Vamos ver no que dá esse princípio de oligarquia… (Viram no discurso de Dilma? Todo mundo querendo se enfiar na frente da câmera? Isso é um presságio). E já começaram a mexer no lugar errado (do ponto de vista dos iludidos eleitores, CPMF/CSS) se esquecendo de que ela não tem a aprovação do Lula (já começa com pouco, 56% chorados, um monte de promessas impossíveis e pactos mil).

Do governo Lula eu esperava um benefício histórico que não veio: o de dar a perceber à população que socialismo é engodo, mas não aconteceu… Por alguma razão estranha, os dados sobre a efetividade falhada do mau governo quase não chegou às pessoas… E quando chegou foi descaracterizado como “PIG”, a “Elite” manipuladora, essas coisas. Que triste fim.

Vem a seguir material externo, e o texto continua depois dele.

lemma norm_diff_powr_le:
  fixes w b :: "'a::real_normed_vector" and B e :: real
  assumes b: "norm b \<le> B" and w: "2 * B \<le> norm w" and B: "0 < B" and e: "-1 \<le> e" "e \<le> 0"
  shows "norm (w - b) powr e \<le> norm w powr e * (1 + 2 * (B / norm w))"
proof -
  define t where "t = B / norm w"
  have nw: "0 < norm w"
    using w B by linarith
  then have t: "0 < t" "t \<le> 1/2"
    using B w by (auto simp: t_def field_simps)
  have "norm w * (1 - t) \<le> norm (w - b)"
    using norm_triangle_ineq2[of w b] b nw by (simp add: t_def algebra_simps)
  then have "norm (w - b) powr e \<le> (norm w * (1 - t)) powr e"
    using e nw t by (intro powr_mono2') auto
  also have "\<dots> = norm w powr e * (1 - t) powr e"
    using nw t by (simp add: powr_mult)
  also have "(1 - t) powr e \<le> (1 - t) powr (-1)"
    by (rule powr_mono') (use e t in auto)
  also have "(1 - t) powr (-1) = 1 / (1 - t)"
    using t by (intro powr_neg_one) auto
  also have "1 / (1 - t) \<le> 1 + 2 * t"
    using t mult_left_mono[of t "1/2" t] by (simp add: divide_le_eq algebra_simps)
  finally show ?thesis
    using nw by (simp add: t_def mult_left_mono)
qed

lemma norm_powr_le_norm_diff_powr:
  fixes w b :: "'a::real_normed_vector" and B e :: real
  assumes b: "norm b \<le> B" and w: "2 * B \<le> norm w" and B: "0 < B" and e: "-1 \<le> e" "e \<le> 0"
  shows "norm w powr e \<le> norm (w - b) powr e * (1 + 2 * (B / norm w))"
proof -
  define t where "t = B / norm w"
  have nw: "0 < norm w"
    using w B by linarith
  then have t: "0 < t" "t \<le> 1/2"
    using B w by (auto simp: t_def field_simps)
  have "norm (w - b) \<le> norm w * (1 + t)"
    using norm_triangle_ineq4[of w b] b nw by (simp add: t_def algebra_simps)
  moreover have "0 < norm (w - b)"
    using norm_triangle_ineq2[of w b] b w B by linarith
  ultimately have le: "(norm w * (1 + t)) powr e \<le> norm (w - b) powr e"
    using e by (intro powr_mono2') auto
  have "norm w powr e / (1 + t) = norm w powr e * (1 + t) powr (-1)"
    using t by (simp add: powr_neg_one)
  also have "\<dots> \<le> norm w powr e * (1 + t) powr e"
    by (intro mult_left_mono powr_mono) (use e t in auto)
  also have "\<dots> = (norm w * (1 + t)) powr e"
    using nw t by (simp add: powr_mult)
  finally have "norm w powr e / (1 + t) \<le> norm (w - b) powr e"
    using le by linarith
  then have "norm w powr e \<le> norm (w - b) powr e * (1 + t)"
    using t by (simp add: divide_le_eq)
  also have "\<dots> \<le> norm (w - b) powr e * (1 + 2 * t)"
    using t by (intro mult_left_mono) auto
  finally show ?thesis
    by (simp add: t_def)
qed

Aí fica o pessoal hipnotizado olhando pra um sujeito que faz aquele show da “virtude do proletariado”, zombando da seriedade do cargo e perdoam pq ele é “do povo”. Veja como há uma concepção segregadora nisso, como se nunca quem contrata ou quem conseguiu acumular alguma coisa com esforço, ou quem estudou muito pudesse ser bom o bastante para ser “do povo”.

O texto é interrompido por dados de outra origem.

(* Let $2\le k_1<k_2<\dots<k_m\le n$ ($m\ge1$) and integers $1\le i_{k_j}\le k_j-1$ with $\operatorname{maj}:=\sum_{j=1}^m i_{k_j}\le k_1$. Let $\pi_1=t_{k_1}^{i_{k_1}}\cdot t_{k_2}^{i_{k_2}}\cdots t_{k_m}^{i_{k_m}}\in D_n$ and let $q$ be an integer with $k_m\le q\le n-1$. Then $$\pi_1\cdot w_q=\begin{cases} w_q\cdot \pi_1 & \text{if } \operatorname{maj}=k_1,\\ w_{\operatorname{maj}}\cdot w_q\cdot \pi_1 & \text{if } \operatorname{maj}<k_1.\end{cases}$$
   Context: $D_n$ ($n\ge 2$) is the Coxeter group with generators $s_{1'},s_1,\dots,s_{n-1}$ and relations $s^2=1$, $(s_i s_{i+1})^3=1$, $(s_is_j)^2=1$ for $|i-j|\ge 2$, $(s_{1'}s_2)^3=1$, $(s_{1'}s_i)^2=1$ for $i\ne 2$. For $2\le k\le n$, $t_k=s_1s_2\cdots s_{k-1}$; for $1\le k\le n-1$, $w_k=s_k s_{k-1}\cdots s_2 s_1 s_{1'} s_2\cdots s_k$. (The hypothesis $\sum_j i_{k_j}\le k_1$ says that $\pi_1$, viewed in $S_n$, is a "standard OGS elementary element", and $\operatorname{maj}$ is its major index.) *)

theory Defs
  imports "HOL-Algebra.Group"
begin

text \<open>Generators of D_n are given as a map s :: nat => 'a, where index 0 stands
for s_{1'} and index i (1 <= i <= n-1) stands for s_i.\<close>

definition gprod :: "('a, 'b) monoid_scheme \<Rightarrow> 'a list \<Rightarrow> 'a" where
  "gprod G xs = foldr (\<lambda>x y. x \<otimes>\<^bsub>G\<^esub> y) xs \<one>\<^bsub>G\<^esub>"

definition Dn_gens :: "('a, 'b) monoid_scheme \<Rightarrow> nat \<Rightarrow> (nat \<Rightarrow> 'a) \<Rightarrow> bool" where
  "Dn_gens G n s \<longleftrightarrow>
     (\<forall>i\<le>n-1. s i \<in> carrier G \<and> s i \<otimes>\<^bsub>G\<^esub> s i = \<one>\<^bsub>G\<^esub>) \<and>
     (\<forall>i. 1 \<le> i \<and> i + 1 \<le> n - 1 \<longrightarrow> (s i \<otimes>\<^bsub>G\<^esub> s (i+1)) [^]\<^bsub>G\<^esub> (3::nat) = \<one>\<^bsub>G\<^esub>) \<and>
     (\<forall>i j. 1 \<le> i \<and> i \<le> n - 1 \<and> 1 \<le> j \<and> j \<le> n - 1 \<and> i + 2 \<le> j \<longrightarrow>
          (s i \<otimes>\<^bsub>G\<^esub> s j) [^]\<^bsub>G\<^esub> (2::nat) = \<one>\<^bsub>G\<^esub>) \<and>
     (2 \<le> n - 1 \<longrightarrow> (s 0 \<otimes>\<^bsub>G\<^esub> s 2) [^]\<^bsub>G\<^esub> (3::nat) = \<one>\<^bsub>G\<^esub>) \<and>
     (\<forall>i. 1 \<le> i \<and> i \<le> n - 1 \<and> i \<noteq> 2 \<longrightarrow> (s 0 \<otimes>\<^bsub>G\<^esub> s i) [^]\<^bsub>G\<^esub> (2::nat) = \<one>\<^bsub>G\<^esub>)"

Acho que, quanto aos três mais expressivos candidatos, seu número de votos foi inversamente proporcional ao que mereciam: Marina, Serra, Dilma.

Não acho que posso dizer que a eleição foi democrática. Enganar descaradamente é democrático? As decisões tomadas pela maioria baseando-se em falsas referências é uma manifestação democrática válida? E o mais impressionante foi ver nossos intelectuais (que sumiram na época do mensalão) se portando como advogados de uma candidatura dessas… Não eram tão sagazes para perceber as articulações ideológicas? Isso não existe quando eles são governo?
De que adianta “Lei da ficha-limpa” quando o crime conta com o apoio de todas as esferas estatais? Vamos ver o que dá pra salvar nesses quatro anos e esperar que não reste para Marina uma herança maldita como a que ficou para Obama.

[Pessoal do PT e afins pode expressar sua indignação contra mim aqui, é só não trolar nem spamizar que eu não deleto e ainda debato. (Nem espero a mesma gentileza nos sites de vcs). Aceito até 'Ad hominem' se vier com um argumento razoável. Se achar muito restritivo que não se cite informações maliciosamente recortadas/descontextualizadas ou "fatos fictícios" de um mundo imaginário que só existe para justificar sua ideologia, favor não postar. De resto, fique à vontade.]